Sunday, December 11, 2011

Behold Your God

If you would like to hear the sermon preached at Trinity Lutheran Church in Layton, Utah for Gaudete, the Third Sunday in Advent, click on this MP3 audio link--"Behold Your God."

The audio includes the Hymn of the Day, "Arise, O Christian People," LSB #354. The sermon begins at the 3:00 mark.

Behold your God has come to gather you into His arms and tend you like a the flock of His church where He tends you like a shepherd.

A rough preaching manuscript follows below if you prefer to read along or read instead.

TEXT: Comfort, comfort my people, says your God. Speak tenderly to Jerusalem, and cry to her that her warfare is ended, that her iniquity is pardoned, that she has received from the LORD’s hand double for all her sins.

A voice cries: “In the wilderness prepare the way of the LORD; make straight in the desert a highway for our God. Every valley shall be lifted up, and every mountain and hill be made low; the uneven ground shall become level, and the rough places a plain. And the glory of the LORD shall be revealed, and all flesh shall see it together, for the mouth of the LORD has spoken.”

A voice says, “Cry!” And I said, “What shall I cry?” All flesh is grass, and all its beauty is like the flower of the field. The grass withers, the flower fades when the breath of the LORD blows on it; surely the people are grass. The grass withers, the flower fades, but the word of our God will stand forever.

Get you up to a high mountain, O Zion, herald of good news; lift up your voice with strength, O Jerusalem, herald of good news; lift it up, fear not; say to the cities of Judah, “Behold your God!” Behold, the Lord GOD comes with might, and his arm rules for him; behold, his reward is with him, and his recompense before him. He will tend his flock like a shepherd; he will gather the lambs in his arms; he will carry them in his bosom, and gently lead those that are with young.

But who wants that?

“Behold your God!” Bah, humbug!

The message of the prophets--“Behold your God!”

The message of John the Baptizer--“Behold your God!”

The message of the apostles--“Behold your God!”

The message of the church, her pastors, and all the baptized--“Behold your God!”

Take a look at your bulletin cover. Imagine John, dressed in camel hair; a diet of locusts and honey; living out in the wilderness preaching and baptizing. And this guy points to another no more impressive himself really—as Isaiah writes elsewhere:
“… he had no form or majesty that we should look at him, and no beauty that we should desire him. He was despised and rejected by men; a man of sorrows, and acquainted with grief; and as one from whom men hide their faces he was despised, and we esteemed him not.” [53:2-3] Even his birth as a babe is not worth beholding.

How ironic—and appropriate--that the One who saves us from our sin would have “no beauty that we should desire him, while the one who tempted and lured us into sin had a beauty about him that was appealing to Adam & Eve and continues to be appealing to us today.

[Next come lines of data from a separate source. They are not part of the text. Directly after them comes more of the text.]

lemma twin_or_antitwin_iff:
  assumes x: "((s, i, a), h) \<in> V" and y: "((s', i', a'), h') \<in> V"
  shows "twin_or_antitwin ((s, i, a), h) ((s', i', a'), h') \<longleftrightarrow>
           i = i' \<and> (h, h') \<in> twin_antitwin_rel VH EH"
    (is "twin_or_antitwin ?x ?y \<longleftrightarrow> _")
proof
  assume "twin_or_antitwin ?x ?y"
  then obtain c where c: "\<forall>w\<in>V. prod_closed_adj ?y w \<longleftrightarrow> (prod_closed_adj ?x w \<longleftrightarrow> c)"
    unfolding twin_or_antitwin_iff_ex by blast
  have h: "h \<in> VH" "h' \<in> VH" and i: "i \<in> {1..n}" using x y by (auto simp: mem_V)
  have "i = i'"
  proof (rule ccontr)
    assume "i \<noteq> i'"
    obtain k where k: "k \<in> {1..n}" "k \<noteq> i" "k \<noteq> i'" using exists_other_index[OF n_ge_3] by blast
    have w: "((s, k, 0), h) \<in> V" using k pos h by (simp add: mem_V)
    show False
      using c[rule_format, OF w] c[rule_format, OF x] \<open>i \<noteq> i'\<close> k
      by (auto simp: closed_adj_def)
  qed
  moreover have "\<forall>w\<in>VH. closed_adj EH h' w \<longleftrightarrow> (closed_adj EH h w \<longleftrightarrow> (c \<longleftrightarrow> s = s'))"
  proof
    fix w assume "w \<in> VH"
    then have "((s, i, 0), w) \<in> V" using pos i by (simp add: mem_V)
    then show "closed_adj EH h' w \<longleftrightarrow> (closed_adj EH h w \<longleftrightarrow> (c \<longleftrightarrow> s = s'))"
      using c \<open>i = i'\<close> by auto
  qed
  ultimately show "i = i' \<and> (h, h') \<in> twin_antitwin_rel VH EH"
    using h by (auto simp: twin_antitwin_rel_iff)
next
  assume "i = i' \<and> (h, h') \<in> twin_antitwin_rel VH EH"
  then obtain c where "i = i'" and c: "\<forall>w\<in>VH. closed_adj EH h' w \<longleftrightarrow> (closed_adj EH h w \<longleftrightarrow> c)"
    by (auto simp: twin_antitwin_rel_iff)
  have "prod_closed_adj ?y w \<longleftrightarrow> (prod_closed_adj ?x w \<longleftrightarrow> (c \<longleftrightarrow> s = s'))" if "w \<in> V" for w
  proof -
    obtain s0 i0 a0 h0 where [simp]: "w = ((s0, i0, a0), h0)" by (metis prod.exhaust)
    have "h0 \<in> VH" using that by (simp add: mem_V)
    then show ?thesis using c \<open>i = i'\<close> by auto
  qed
  then show "twin_or_antitwin ?x ?y" unfolding twin_or_antitwin_iff_ex by blast
qed

fun index_and_part :: "(bool \<times> nat \<times> nat) \<times> 'b \<Rightarrow> nat \<times> 'b set" where
  "index_and_part ((_, i, _), h) = (i, T_part VH EH h)"

lemma index_and_part_eq_iff:
  assumes "x \<in> V" "y \<in> V"
  shows "index_and_part x = index_and_part y \<longleftrightarrow> twin_or_antitwin x y"
proof -
  obtain s i a h where x: "x = ((s, i, a), h)" by (metis prod.exhaust)
  obtain s' i' a' h' where y: "y = ((s', i', a'), h')" by (metis prod.exhaust)
  have "h \<in> VH" "h' \<in> VH" using assms by (simp_all add: x y mem_V)
  then show ?thesis
    using assms twin_or_antitwin_iff
    by (simp add: x y T_part_eq_Image eq_equiv_class_iff[OF equiv_twin_antitwin_rel])
qed

lemma index_and_part_image: "index_and_part ` V = {1..n} \<times> T_partition VH EH"
proof
  show "index_and_part ` V \<subseteq> {1..n} \<times> T_partition VH EH"
    by (auto simp: mem_V T_partition_def)
  show "{1..n} \<times> T_partition VH EH \<subseteq> index_and_part ` V"
  proof
    fix p assume "p \<in> {1..n} \<times> T_partition VH EH"
    then obtain i h where "p = (i, T_part VH EH h)" "i \<in> {1..n}" "h \<in> VH"
      unfolding T_partition_def by blast
    then show "p \<in> index_and_part ` V"
      using pos by (intro image_eqI[of _ _ "((False, i, 0), h)"]) (auto simp: mem_V)
  qed
qed

lemma strong_metric_dim_eq_KnnM: "strong_metric_dim V E = card V - n * k_H VH EH"
proof -
  have "strong_metric_dim V E = card V - card (index_and_part ` V)"
    using strong_metric_dim_eq[OF finite_V] index_and_part_eq_iff by blast
  then show ?thesis
    unfolding index_and_part_image k_H_def by (simp add: card_cartesian_product)
qed

lemma n_k_H_le_card_V: "n * k_H VH EH \<le> card V"
  using card_image_le[OF finite_V, of index_and_part]
  unfolding index_and_part_image k_H_def by (simp add: card_cartesian_product)

end

theorem mainTheorem11:
  fixes n :: nat and q r :: "nat \<Rightarrow> nat"
    and VH :: "'b set" and EH :: "'b \<Rightarrow> 'b \<Rightarrow> bool"
  assumes "n \<ge> 3"
    and "\<forall>i\<in>{1..n}. q i > 0 \<and> r i > 0"
    and "sgraph VH EH"
    and "\<not> (\<exists>h. universal_vertex VH EH h)"
  shows "int (strong_metric_dim (mod_prod_vert (KnnM_vert n q r) VH)
                                (mod_prod_edge (KnnM_edge n q r) EH))
         = (\<Sum>i=1..n. int (q i + r i) * (\<Sum>T\<in>T_partition VH EH. int (card T)))
           - int n * int (k_H VH EH)"
proof -
  interpret KnnM_mod_prod n q r VH EH
    using assms(1-3) by unfold_locales
  have "(\<Sum>T\<in>T_partition VH EH. int (card T)) = int (card VH)"
    using sum_card_T_partition[of VH EH] sgraph unfolding sgraph_def by (metis of_nat_sum)
  then have "(\<Sum>i=1..n. int (q i + r i) * (\<Sum>T\<in>T_partition VH EH. int (card T))) = int (card V)"
    by (simp add: card_V sum_distrib_right[symmetric])
  then show ?thesis
    using strong_metric_dim_eq_KnnM n_k_H_le_card_V by (simp add: of_nat_diff)
qed

end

That is why sin is so deadly. We don’t know any better than to desire it and even love it. It’s not the sin we do, as bad and as harmful as that is to others. It’s that in our sin we don’t know God—He is actually ugly and undesirable to us.

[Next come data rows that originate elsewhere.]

record 'm wcsmor =
  ma :: 'm
  mf :: 'm
  mg :: 'm
  mh :: 'm

definition wcospan :: "('o,'m) cat \<Rightarrow> ('o,'m) wcs \<Rightarrow> bool" where
  "wcospan C c \<longleftrightarrow> apex c \<in> Obj C \<and> lmap c \<in> hom C (lobj c) (apex c) \<and>
     rmap c \<in> hom C (robj c) (apex c) \<and> wmap c \<in> hom C (wobj c) (apex c)"

definition cs_mor :: "('o,'m) cat \<Rightarrow> ('o,'m) wcs \<Rightarrow> ('o,'m) wcs \<Rightarrow> 'm wcsmor \<Rightarrow> bool" where
  "cs_mor C c c' \<phi> \<longleftrightarrow> wcospan C c \<and> wcospan C c' \<and>
     ma \<phi> \<in> hom C (apex c) (apex c') \<and> mf \<phi> \<in> hom C (lobj c) (lobj c') \<and>
     mg \<phi> \<in> hom C (robj c) (robj c') \<and> mh \<phi> \<in> hom C (wobj c) (wobj c') \<and>
     Comp C (lmap c') (mf \<phi>) = Comp C (ma \<phi>) (lmap c) \<and>
     Comp C (rmap c') (mg \<phi>) = Comp C (ma \<phi>) (rmap c) \<and>
     Comp C (wmap c') (mh \<phi>) = Comp C (ma \<phi>) (wmap c)"

definition cs_comp :: "('o,'m) cat \<Rightarrow> 'm wcsmor \<Rightarrow> 'm wcsmor \<Rightarrow> 'm wcsmor" where
  "cs_comp C \<psi> \<phi> = \<lparr>ma = Comp C (ma \<psi>) (ma \<phi>), mf = Comp C (mf \<psi>) (mf \<phi>),
                      mg = Comp C (mg \<psi>) (mg \<phi>), mh = Comp C (mh \<psi>) (mh \<phi>)\<rparr>"

definition internal_mult :: "('o,'m) cat \<Rightarrow> ('o,'m) wcs \<Rightarrow> 'm \<Rightarrow> bool" where
  "internal_mult C c m \<longleftrightarrow>
     (let W = wobj c; X = lobj c; Y = robj c in
       m \<in> hom C (PB C W X Y) (apex c) \<and>
       Comp C m (pbpair C W X Y (Id C (copObj C W X))
                   (Comp C (inj1 C W Y) (codiag C W X))) = copair C (wmap c) (lmap c) \<and>
       Comp C m (pbpair C W X Y (Comp C (inj1 C W X) (codiag C W Y))
                   (Id C (copObj C W Y))) = copair C (wmap c) (rmap c))"

definition mcs :: "('o,'m) cat \<Rightarrow> ('o,'m) wcs \<Rightarrow> 'm \<Rightarrow> bool" where
  "mcs C c m \<longleftrightarrow> wcospan C c \<and> internal_mult C c m"

definition pbmap :: "('o,'m) cat \<Rightarrow> ('o,'m) wcs \<Rightarrow> ('o,'m) wcs \<Rightarrow> 'm wcsmor \<Rightarrow> 'm" where
  "pbmap C c c' \<phi> = pbpair C (wobj c') (lobj c') (robj c')
      (Comp C (copmap C (mh \<phi>) (mf \<phi>)) (pr1 C (wobj c) (lobj c) (robj c)))
      (Comp C (copmap C (mh \<phi>) (mg \<phi>)) (pr2 C (wobj c) (lobj c) (robj c)))"

definition mcs_mor :: "('o,'m) cat \<Rightarrow> ('o,'m) wcs \<Rightarrow> 'm \<Rightarrow> ('o,'m) wcs \<Rightarrow> 'm \<Rightarrow> 'm wcsmor \<Rightarrow> bool" where
  "mcs_mor C c m c' m' \<phi> \<longleftrightarrow> mcs C c m \<and> mcs C c' m' \<and> cs_mor C c c' \<phi> \<and>
     Comp C (ma \<phi>) m = Comp C m' (pbmap C c c' \<phi>)"

end

theory Submission
  imports Defs
begin

text \<open>A map out of the pushout is a pair \<open>(u, k)\<close> with \<open>u : A \<rightarrow> B\<close>,
  \<open>k : (W+X)\<times>\<^sub>W(W+Y) \<rightarrow> B\<close> and \<open>u[w,x,y] = k v\<close>. On the summands \<open>W, X\<close> the map \<open>v\<close> is the
  unit \<open>\<langle>1, \<iota>\<^sub>1[1,0]\<rangle>\<close> and on \<open>W, Y\<close> it is \<open>\<langle>\<iota>\<^sub>1[1,0], 1\<rangle>\<close>, so the condition says exactly that
  \<open>k\<close> restricted along the two units is \<open>u[w,x]\<close> and \<open>u[w,y]\<close>. For \<open>(\<nu>, \<mu>)\<close> this makes \<open>\<mu>\<close>
  an internal multiplication. Given a morphism \<open>(a,f,g,h)\<close> into a multiplicative cospan \<open>(C',m')\<close>,
  the pair \<open>(a, m'((h+f)\<times>\<^sub>h(h+g)))\<close> satisfies the condition because \<open>(h+f)\<times>\<^sub>h(h+g)\<close> commutes
  with the units, and its unique factorisation through the pushout is the unique extension.\<close>

lemma ex1_unique: "\<exists>!x. P x \<Longrightarrow> P a \<Longrightarrow> P b \<Longrightarrow> a = b"
  by blast

locale elementary_category =
  fixes C :: "('o,'m) cat"
  assumes category: "category C"
begin

abbreviation comp (infixr "\<cdot>" 80) where "g \<cdot> f \<equiv> Comp C g f"

lemma homD: "f \<in> hom C a b \<Longrightarrow> f \<in> Arr C \<and> Dom C f = a \<and> Cod C f = b"
  by (simp add: hom_def)

lemma category_laws:
  "\<forall>f\<in>Arr C. Dom C f \<in> Obj C \<and> Cod C f \<in> Obj C"
  "\<forall>a\<in>Obj C. Id C a \<in> hom C a a"
  "\<forall>f\<in>Arr C. \<forall>g\<in>Arr C. Cod C f = Dom C g \<longrightarrow> g \<cdot> f \<in> hom C (Dom C f) (Cod C g)"
  "\<forall>f\<in>Arr C. Id C (Cod C f) \<cdot> f = f \<and> f \<cdot> Id C (Dom C f) = f"
  "\<forall>f\<in>Arr C. \<forall>g\<in>Arr C. \<forall>h\<in>Arr C. Cod C f = Dom C g \<longrightarrow> Cod C g = Dom C h \<longrightarrow>
     h \<cdot> (g \<cdot> f) = (h \<cdot> g) \<cdot> f"
  using category unfolding category_def by blast+

lemma hom_objs: "f \<in> hom C a b \<Longrightarrow> a \<in> Obj C \<and> b \<in> Obj C"
  using category_laws(1) homD by metis

lemma comp_hom: "f \<in> hom C a b \<Longrightarrow> g \<in> hom C b c \<Longrightarrow> g \<cdot> f \<in> hom C a c"
  using category_laws(3) homD by metis

lemma id_hom: "a \<in> Obj C \<Longrightarrow> Id C a \<in> hom C a a"
  using category_laws(2) by blast

lemma id_comp: "f \<in> hom C a b \<Longrightarrow> Id C b \<cdot> f = f"
  using category_laws(4) homD by metis

lemma comp_id: "f \<in> hom C a b \<Longrightarrow> f \<cdot> Id C a = f"
  using category_laws(4) homD by metis

lemma comp_assoc:
  "f \<in> hom C a b \<Longrightarrow> g \<in> hom C b c \<Longrightarrow> k \<in> hom C c d \<Longrightarrow> (k \<cdot> g) \<cdot> f = k \<cdot> (g \<cdot> f)"
  using category_laws(5) homD by metis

And so, A voice cries: “In the wilderness prepare the way of the LORD; make straight in the desert a highway for our God. Every valley shall be lifted up, and every mountain and hill be made low; the uneven ground shall become level, and the rough places a plain. And the glory of the LORD shall be revealed, and all flesh shall see it together, for the mouth of the LORD has spoken.”

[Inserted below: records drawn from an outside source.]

(* Let $g:\mathbb R\to\mathbb R$ be a $\chi$-integrable odd function and define $h(\omega)=\int_{\mathbb R}g(z)c(\omega,z)e^{2V(\omega)}\chi(dz)$. Then for every $\varphi\in\mathcal C$, $$(h,\varphi)_\pi=-\frac12\mathbb M\int_{\mathbb R}g(z)\big(T_z\varphi-\varphi\big)c(\cdot,z)\chi(dz).$$
   Context: $(\Omega,\mathcal G,\mu)$ is a probability space with an ergodic, jointly measurable group $\{\tau_x\}_{x\in\mathbb R}$ of measure-preserving maps; $\mathbb M$ is expectation under $\mu$; $T_x\varphi(\omega)=\varphi(\tau_x\omega)$. $\mathcal C=\mathrm{Span}\{f\star\phi:f\in L^\infty(\Omega),\phi\in C_c^\infty(\mathbb R)\}$, $f\star\phi(\omega)=\int f(\tau_x\omega)\phi(x)dx$. $\chi$ is a symmetric Lévy measure on $\mathbb R$ ($\chi(dz)=\chi(-dz)$), $c:\Omega\times\mathbb R\to[0,\infty)$ is bounded measurable with $c(\tau_z\omega,-z)=c(\omega,z)$ for $\mu$-a.e. $\omega$ and $\chi$-a.e. $z$; $V\in L^\infty(\Omega)$, normalized so that $\pi=e^{-2V}\mu$ is a probability, and $(f,g)_\pi=\mathbb M[fge^{-2V}]$. *)

theory Defs
  imports "HOL-Probability.Probability"
begin

definition ergodic_flow :: "'a measure \<Rightarrow> (real \<Rightarrow> 'a \<Rightarrow> 'a) \<Rightarrow> bool" where
  "ergodic_flow M \<tau> \<longleftrightarrow>
     prob_space M \<and>
     (\<lambda>(x, \<omega>). \<tau> x \<omega>) \<in> measurable (lborel \<Otimes>\<^sub>M M) M \<and>
     (\<forall>\<omega>\<in>space M. \<tau> 0 \<omega> = \<omega>) \<and>
     (\<forall>x y. \<forall>\<omega>\<in>space M. \<tau> (x + y) \<omega> = \<tau> x (\<tau> y \<omega>)) \<and>
     (\<forall>x. \<tau> x \<in> measurable M M \<and> distr M M (\<tau> x) = M) \<and>
     (\<forall>A\<in>sets M. (\<forall>x. \<tau> x -` A \<inter> space M = A) \<longrightarrow>
                   measure M A = 0 \<or> measure M A = 1)"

A voice says, “Cry!” And I said, “What shall I cry?” All flesh is grass, and all its beauty is like the flower of the field. The grass withers, the flower fades when the breath of the LORD blows on it; surely the people are grass. The grass withers, the flower fades, but the word of our God will stand forever.

Luther writes: “The law works the wrath of God, kills, curses, accuses, judges, and damns everything that is not in Christ.” This what Isaiah and the voice is crying about.

Why? “What you sow does not come to life unless it dies.” [1 Corinthians 15:36]

The voice that cries out these things, even the voice that cries out--“Behold your God!”—is the voice of the Lord.

The same voice that cried out to Adam and Eve, “Where are you?”

The same voice that cried out to Isaiah and the prophets giving them the words they were to speak; the same voice that cried out from Isaiah and the prophets.

The same voice that cried out from John the Baptizer out in the wilderness.

The same voice that cried out from the apostles.

This voice cries out to you “Behold your God!”

Out there, in the world, the wrath of God is at work, killing, cursing, accusing, judging, and damning everything that is not in Christ.

But here, in the Word, the grace of God is at work, raising to blessing, forgiving, and raising to eternal life--in the name of the Father and of the + Son and of the Holy Spirit.